> [The input]

◇ ◇ ◇

lemma lrel_arrI:
  "g \<in> semdom Q (TArr A B) \<Longrightarrow> h \<in> semdom Q' (TArr A B) \<Longrightarrow>
   (\<And>x y. (x, y) \<in> lrel Q Q' R A \<Longrightarrow> (vapp g x, vapp h y) \<in> lrel Q Q' R B) \<Longrightarrow>
   (g, h) \<in> lrel Q Q' R (TArr A B)"
  by (simp only: lrel.simps) blast

lemma lrel_sem:
  assumes "finite Q" "finite Q'" "partial_surj Q Q' R"
  shows "typing \<Gamma> M T \<Longrightarrow> (\<And>i. i < length \<Gamma> \<Longrightarrow> (\<rho> ! i, \<rho>' ! i) \<in> lrel Q Q' R (\<Gamma> ! i)) \<Longrightarrow>
    (sem Q \<rho> M, sem Q' \<rho>' M) \<in> lrel Q Q' R T"
proof (induction arbitrary: \<rho> \<rho>' rule: typing.induct)
  case (t_lam A \<Gamma> M B)
  have env: "\<rho> ! i \<in> semdom Q (\<Gamma> ! i)" "\<rho>' ! i \<in> semdom Q' (\<Gamma> ! i)" if "i < length \<Gamma>" for i
    using lrel_in_semdom[OF assms(3) t_lam.prems[OF that]] by blast+
  show ?case
  proof (rule lrel_arrI)
    show "sem Q \<rho> (Lam A M) \<in> semdom Q (TArr A B)"
      using sem_in_semdom[OF assms(1) typing.t_lam[OF t_lam.hyps]] env(1) by blast
    show "sem Q' \<rho>' (Lam A M) \<in> semdom Q' (TArr A B)"
      using sem_in_semdom[OF assms(2) typing.t_lam[OF t_lam.hyps]] env(2) by blast
  next
    fix x y assume xy: "(x, y) \<in> lrel Q Q' R A"
    have "(sem Q (x # \<rho>) M, sem Q' (y # \<rho>') M) \<in> lrel Q Q' R B"
      using t_lam.prems xy by (intro t_lam.IH) (auto simp: nth_Cons split: nat.split)
    then show "(vapp (sem Q \<rho> (Lam A M)) x, vapp (sem Q' \<rho>' (Lam A M)) y) \<in> lrel Q Q' R B"
      using lrel_in_semdom[OF assms(3) xy] by (simp add: vapp_graph_of assms)
  qed
next
  case (t_app \<Gamma> M A B N)
  from lrel_arr_vapp[OF t_app.IH[OF t_app.prems]] show ?case by simp
next
  case (t_fst \<Gamma> M A B)
  from t_fst.IH[OF t_fst.prems] show ?case by auto
next
  case (t_snd \<Gamma> M A B)
  from t_snd.IH[OF t_snd.prems] show ?case by auto
qed simp_all

lemma lrel_interp:
  "finite Q \<Longrightarrow> finite Q' \<Longrightarrow> partial_surj Q Q' R \<Longrightarrow> typing [] M T \<Longrightarrow>
   (interp Q M, interp Q' M) \<in> lrel Q Q' R T"
  unfolding interp_def using lrel_sem[of Q Q' R "[]" M T] by simp

section \<open>Logical relations of partial surjections are partial surjections\<close>

lemma single_valued_lrel_TArr:
  assumes "partial_surj Q Q' R"
    and "semdom Q' A \<subseteq> Range (lrel Q Q' R A)" and "single_valued (lrel Q Q' R B)"
  shows "single_valued (lrel Q Q' R (TArr A B))"
proof (rule single_valuedI)
  fix g h h' assume gh: "(g, h) \<in> lrel Q Q' R (TArr A B)" and gh': "(g, h') \<in> lrel Q Q' R (TArr A B)"
  show "h = h'"
  proof (rule semdom_arr_ext)
    show "h \<in> semdom Q' (TArr A B)" "h' \<in> semdom Q' (TArr A B)"
      using lrel_in_semdom[OF assms(1) gh] lrel_in_semdom[OF assms(1) gh'] by blast+
  next
    fix y assume "y \<in> semdom Q' A"
    with assms(2) obtain x where xy: "(x, y) \<in> lrel Q Q' R A" by blast
    show "vapp h y = vapp h' y"
      using assms(3) lrel_arr_vapp[OF gh xy] lrel_arr_vapp[OF gh' xy] by (rule single_valuedD)
  qed
qed

lemma Range_lrel_TArr:
  assumes "finite Q" "partial_surj Q Q' R"
    and "single_valued (lrel Q Q' R A)" and "semdom Q' B \<subseteq> Range (lrel Q Q' R B)"
  shows "semdom Q' (TArr A B) \<subseteq> Range (lrel Q Q' R (TArr A B))"
proof
  fix h assume h: "h \<in> semdom Q' (TArr A B)"
  \<comment> \<open>the preimage of \<open>h\<close> sends \<open>x\<close> to a preimage of \<open>h y\<close>, for the unique \<open>y\<close> related to \<open>x\<close>, if any\<close>
  let ?P = "\<lambda>x b. b \<in> semdom Q B \<and> (\<forall>y. (x, y) \<in> lrel Q Q' R A \<longrightarrow> (b, vapp h y) \<in> lrel Q Q' R B)"
  have ex: "\<exists>b. ?P x b" if x: "x \<in> semdom Q A" for x
  proof (cases "\<exists>y. (x, y) \<in> lrel Q Q' R A")
    case True
    then obtain y where xy: "(x, y) \<in> lrel Q Q' R A" by blast
    then have "vapp h y \<in> semdom Q' B"
      using vapp_in_semdom[OF h] lrel_in_semdom[OF assms(2)] by blast
    with assms(4) obtain b where b: "(b, vapp h y) \<in> lrel Q Q' R B" by blast
    have "y' = y" if "(x, y') \<in> lrel Q Q' R A" for y'
      using assms(3) that xy by (rule single_valuedD)
    with b show ?thesis using lrel_in_semdom[OF assms(2) b] by blast
  next
    case False
    have "semdom Q B \<noteq> {}"
    proof (cases "Q = {}")
      case True
      \<comment> \<open>then \<open>Q' = Q\<close>, so \<open>h\<close> itself maps \<open>x\<close> into \<open>semdom Q B\<close>\<close>
      with assms(2) have "Q' = Q" by (auto simp: partial_surj_def)
      with vapp_in_semdom[OF h] x show ?thesis by blast
    next
      case False
      show ?thesis using False assms(1) by (rule semdom_nonempty)
    qed
    with False show ?thesis by blast
  qed
  have f: "?P x (SOME b. ?P x b)" if "x \<in> semdom Q A" for x
    using ex[OF that] by (rule someI_ex)
  have "(graph_of Q A (\<lambda>x. SOME b. ?P x b), h) \<in> lrel Q Q' R (TArr A B)"
  proof (rule lrel_arrI[OF _ h])
    show "graph_of Q A (\<lambda>x. SOME b. ?P x b) \<in> semdom Q (TArr A B)"
      using f by (blast intro: graph_of_in_semdom[OF assms(1)])
  next
    fix x y assume xy: "(x, y) \<in> lrel Q Q' R A"
    then have x: "x \<in> semdom Q A" using lrel_in_semdom[OF assms(2)] by blast
    show "(vapp (graph_of Q A (\<lambda>x. SOME b. ?P x b)) x, vapp h y) \<in> lrel Q Q' R B"
      using f[OF x] xy by (simp add: vapp_graph_of[OF assms(1) x])
  qed
  then show "h \<in> Range (lrel Q Q' R (TArr A B))" by blast
qed

lemma single_valued_Range_lrel:
  assumes "finite Q" "partial_surj Q Q' R"
  shows "single_valued (lrel Q Q' R T) \<and> semdom Q' T \<subseteq> Range (lrel Q Q' R T)"
proof (induction T)
  case TO
  have "single_valued (lrel Q Q' R TO)"
    using assms(2) by (auto simp: partial_surj_def single_valued_def)
  moreover have "semdom Q' TO \<subseteq> Range (lrel Q Q' R TO)"
  proof
    fix v assume "v \<in> semdom Q' TO"
    then obtain y where y: "v = Atom y" "y \<in> Q'" by auto
    with assms(2) obtain x where "(x, y) \<in> R" unfolding partial_surj_def by blast
    with y(1) show "v \<in> Range (lrel Q Q' R TO)" by auto
  qed
  ultimately show ?case ..
next
  case (TProd A B)
  then have sv: "single_valued (lrel Q Q' R A)" "single_valued (lrel Q Q' R B)"
    and rg: "semdom Q' A \<subseteq> Range (lrel Q Q' R A)" "semdom Q' B \<subseteq> Range (lrel Q Q' R B)"
    by blast+
  have "single_valued (lrel Q Q' R (TProd A B))"
  proof (rule single_valuedI)
    fix x y z assume "(x, y) \<in> lrel Q Q' R (TProd A B)" "(x, z) \<in> lrel Q Q' R (TProd A B)"
    then obtain a b c d c' d' where "x = PairV a b" "y = PairV c d" "z = PairV c' d'"
      "(a, c) \<in> lrel Q Q' R A" "(b, d) \<in> lrel Q Q' R B"
      "(a, c') \<in> lrel Q Q' R A" "(b, d') \<in> lrel Q Q' R B"
      by auto
    with sv show "y = z" by (metis single_valuedD)
  qed
  moreover have "semdom Q' (TProd A B) \<subseteq> Range (lrel Q Q' R (TProd A B))"
  proof
    fix v assume "v \<in> semdom Q' (TProd A B)"
    then obtain c d where v: "v = PairV c d" "c \<in> semdom Q' A" "d \<in> semdom Q' B" by auto
    with rg obtain a b where "(a, c) \<in> lrel Q Q' R A" "(b, d) \<in> lrel Q Q' R B" by blast
    with v(1) have "(PairV a b, v) \<in> lrel Q Q' R (TProd A B)" by simp
    then show "v \<in> Range (lrel Q Q' R (TProd A B))" by (rule RangeI)
  qed
  ultimately show ?case ..
next
  case (TArr A B)
  then have "single_valued (lrel Q Q' R A)" "semdom Q' A \<subseteq> Range (lrel Q Q' R A)"
    "single_valued (lrel Q Q' R B)" "semdom Q' B \<subseteq> Range (lrel Q Q' R B)"
    by blast+
  with single_valued_lrel_TArr[OF assms(2)] Range_lrel_TArr[OF assms] show ?case by blast
qed (simp add: single_valued_def)

lemma single_valued_lrel: "finite Q \<Longrightarrow> partial_surj Q Q' R \<Longrightarrow> single_valued (lrel Q Q' R T)"
  using single_valued_Range_lrel by blast
theorem lemma20:
  fixes M :: "'a measure" and psi :: "real \<Rightarrow> real" and Z :: "nat \<Rightarrow> 'a \<Rightarrow> real"
    and m :: nat and \<tau> :: ereal
  assumes "prob_space M"
    and "convex_on {0..} psi"
    and "mono_on {0..} psi"
    and "\<forall>x\<ge>0. psi x \<ge> 0"
    and "psi 0 = 0"
    and "\<exists>x\<ge>0. psi x \<noteq> 0"
    and "m \<ge> 1"
    and "\<forall>j\<in>{1..m}. Z j \<in> borel_measurable M"
    and "\<tau> = (MAX j\<in>{1..m}. orlicz_norm M (Psi_fun psi) (Z j))"
    and "\<tau> < \<infinity>"
  shows "orlicz_norm M (Psi_L psi (sqrt 6))
           (\<lambda>x. max 0 ((MAX j\<in>{1..m}. \<bar>Z j x\<bar>) - real_of_ereal \<tau> * Psi_inv psi (real m)))
         \<le> ereal (sqrt 6) * \<tau>"
proof -
  let ?J = "{1..m}"
  have J: "finite ?J" "?J \<noteq> {}" using assms(7) by auto
  have norm: "orlicz_norm M (Psi_fun psi) (Z j) \<le> \<tau>" if "j \<in> ?J" for j
    using that unfolding assms(9) by (intro Max_ge) auto
  have "\<tau> \<ge> 0"
    using norm[of 1] orlicz_norm_nonneg[of M "Psi_fun psi" "Z 1"] assms(7) by (auto intro: order.trans)
  then obtain t where t: "\<tau> = ereal t" "t \<ge> 0" using assms(10) by (cases \<tau>) auto
  define u where "u = Psi_inv psi (real m)"
  have u: "u \<ge> 0" "psi u = ln (1 + real (card ?J))"
    using Psi_inv_spec[OF assms(2,5,4,6), of "real m"] assms(7) unfolding u_def by auto
  show ?thesis
  proof (cases "t = 0")
    case True
    have "orlicz_norm M (Psi_L psi (sqrt 6)) (\<lambda>x. max 0 (MAX j\<in>?J. \<bar>Z j x\<bar>)) \<le> 0"
      using norm t True assms(8)
      by (intro prob_space.orlicz_norm_max_le_zero[OF assms(1-3,5,4) J]) (auto simp: zero_ereal_def)
    then show ?thesis using t True by (simp add: zero_ereal_def)
  next
    case False
    have "orlicz_norm M (Psi_L psi (sqrt 6)) (\<lambda>x. max 0 ((MAX j\<in>?J. \<bar>Z j x\<bar>) - t * u))
        \<le> ereal (sqrt 6 * t)"
      using norm t False assms(8)
      by (intro prob_space.orlicz_norm_shifted_max_le[OF assms(1-3,5,4) J _ _ _ u]) auto
    then show ?thesis using t by (simp add: u_def)
  qed
qed

end
(* Let $n$ be a positive odd integer and let $a$ be any integer. Let $q\neq 1$ be a positive real number, and define the $n\times n$ matrix $$Q=\left[q^{-\{\frac{aj-(a+1)k}{n}\}}\right]_{1\leqslant j,k\leqslant n}.$$ Then $$\det(Q)=\left(\frac{a(a+1)}{n}\right)(1-q^{-1})^{n-1}.$$ Moreover, when $\gcd(a(a+1),n)=1$, $$Q^{-1}=\frac{1}{1-q^{-1}}[f(j,k)]_{1\leqslant j,k\leqslant n},$$ where $$f(j,k)=[\![\,n\mid(a+1)j-ak\,]\!]-q^{-1/n}[\![\,n\mid (a+1)j-ak-1\,]\!].$$
   Context: For a real number $x$, $\{x\}=x-\lfloor x\rfloor$ is its fractional part. For a statement $S$, $[\![S]\!]$ equals $1$ if $S$ holds and $0$ otherwise. $q^{-1/n}$ denotes the positive real $n$th root of $q^{-1}$. $\left(\frac{\cdot}{n}\right)$ denotes the Jacobi symbol modulo the positive odd integer $n$ (equal to $0$ when the argument is not coprime to $n$, and $\left(\frac{\cdot}{1}\right)=1$). *)

theory Defs
  imports "Jordan_Normal_Form.Determinant" "HOL-Number_Theory.Residues"
begin

definition jacobi :: "int \<Rightarrow> nat \<Rightarrow> int" where
  "jacobi a n = (\<Prod>p\<in>prime_factors n. Legendre a (int p) ^ multiplicity p n)"

text \<open>The matrix Q, 0-indexed: entry (j,k) corresponds to (j+1,k+1) of the paper.\<close>
definition Qmat :: "nat \<Rightarrow> int \<Rightarrow> real \<Rightarrow> real mat" where
  "Qmat n a q = mat n n (\<lambda>(j,k).
     q powr (- frac (real_of_int (a * int (j+1) - (a+1) * int (k+1)) / real n)))"

definition fent :: "nat \<Rightarrow> int \<Rightarrow> real \<Rightarrow> nat \<Rightarrow> nat \<Rightarrow> real" where
  "fent n a q j k =
     of_bool (int n dvd (a+1) * int j - a * int k)
     - q powr (- 1 / real n) * of_bool (int n dvd (a+1) * int j - a * int k - 1)"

◇ ◇ ◇

> [Try it]
Transcribe only, please, the lines from the first line of the records through the line with "unfolding interp_def using". Both of those lines are included.

> [Finished exercise]
lemma lrel_arrI:
  "g \<in> semdom Q (TArr A B) \<Longrightarrow> h \<in> semdom Q' (TArr A B) \<Longrightarrow>
   (\<And>x y. (x, y) \<in> lrel Q Q' R A \<Longrightarrow> (vapp g x, vapp h y) \<in> lrel Q Q' R B) \<Longrightarrow>
   (g, h) \<in> lrel Q Q' R (TArr A B)"
  by (simp only: lrel.simps) blast

lemma lrel_sem:
  assumes "finite Q" "finite Q'" "partial_surj Q Q' R"
  shows "typing \<Gamma> M T \<Longrightarrow> (\<And>i. i < length \<Gamma> \<Longrightarrow> (\<rho> ! i, \<rho>' ! i) \<in> lrel Q Q' R (\<Gamma> ! i)) \<Longrightarrow>
    (sem Q \<rho> M, sem Q' \<rho>' M) \<in> lrel Q Q' R T"
proof (induction arbitrary: \<rho> \<rho>' rule: typing.induct)
  case (t_lam A \<Gamma> M B)
  have env: "\<rho> ! i \<in> semdom Q (\<Gamma> ! i)" "\<rho>' ! i \<in> semdom Q' (\<Gamma> ! i)" if "i < length \<Gamma>" for i
    using lrel_in_semdom[OF assms(3) t_lam.prems[OF that]] by blast+
  show ?case
  proof (rule lrel_arrI)
    show "sem Q \<rho> (Lam A M) \<in> semdom Q (TArr A B)"
      using sem_in_semdom[OF assms(1) typing.t_lam[OF t_lam.hyps]] env(1) by blast
    show "sem Q' \<rho>' (Lam A M) \<in> semdom Q' (TArr A B)"
      using sem_in_semdom[OF assms(2) typing.t_lam[OF t_lam.hyps]] env(2) by blast
  next
    fix x y assume xy: "(x, y) \<in> lrel Q Q' R A"
    have "(sem Q (x # \<rho>) M, sem Q' (y # \<rho>') M) \<in> lrel Q Q' R B"
      using t_lam.prems xy by (intro t_lam.IH) (auto simp: nth_Cons split: nat.split)
    then show "(vapp (sem Q \<rho> (Lam A M)) x, vapp (sem Q' \<rho>' (Lam A M)) y) \<in> lrel Q Q' R B"
      using lrel_in_semdom[OF assms(3) xy] by (simp add: vapp_graph_of assms)
  qed
next
  case (t_app \<Gamma> M A B N)
  from lrel_arr_vapp[OF t_app.IH[OF t_app.prems]] show ?case by simp
next
  case (t_fst \<Gamma> M A B)
  from t_fst.IH[OF t_fst.prems] show ?case by auto
next
  case (t_snd \<Gamma> M A B)
  from t_snd.IH[OF t_snd.prems] show ?case by auto
qed simp_all

lemma lrel_interp:
  "finite Q \<Longrightarrow> finite Q' \<Longrightarrow> partial_surj Q Q' R \<Longrightarrow> typing [] M T \<Longrightarrow>
   (interp Q M, interp Q' M) \<in> lrel Q Q' R T"
  unfolding interp_def using lrel_sem[of Q Q' R "[]" M T] by simp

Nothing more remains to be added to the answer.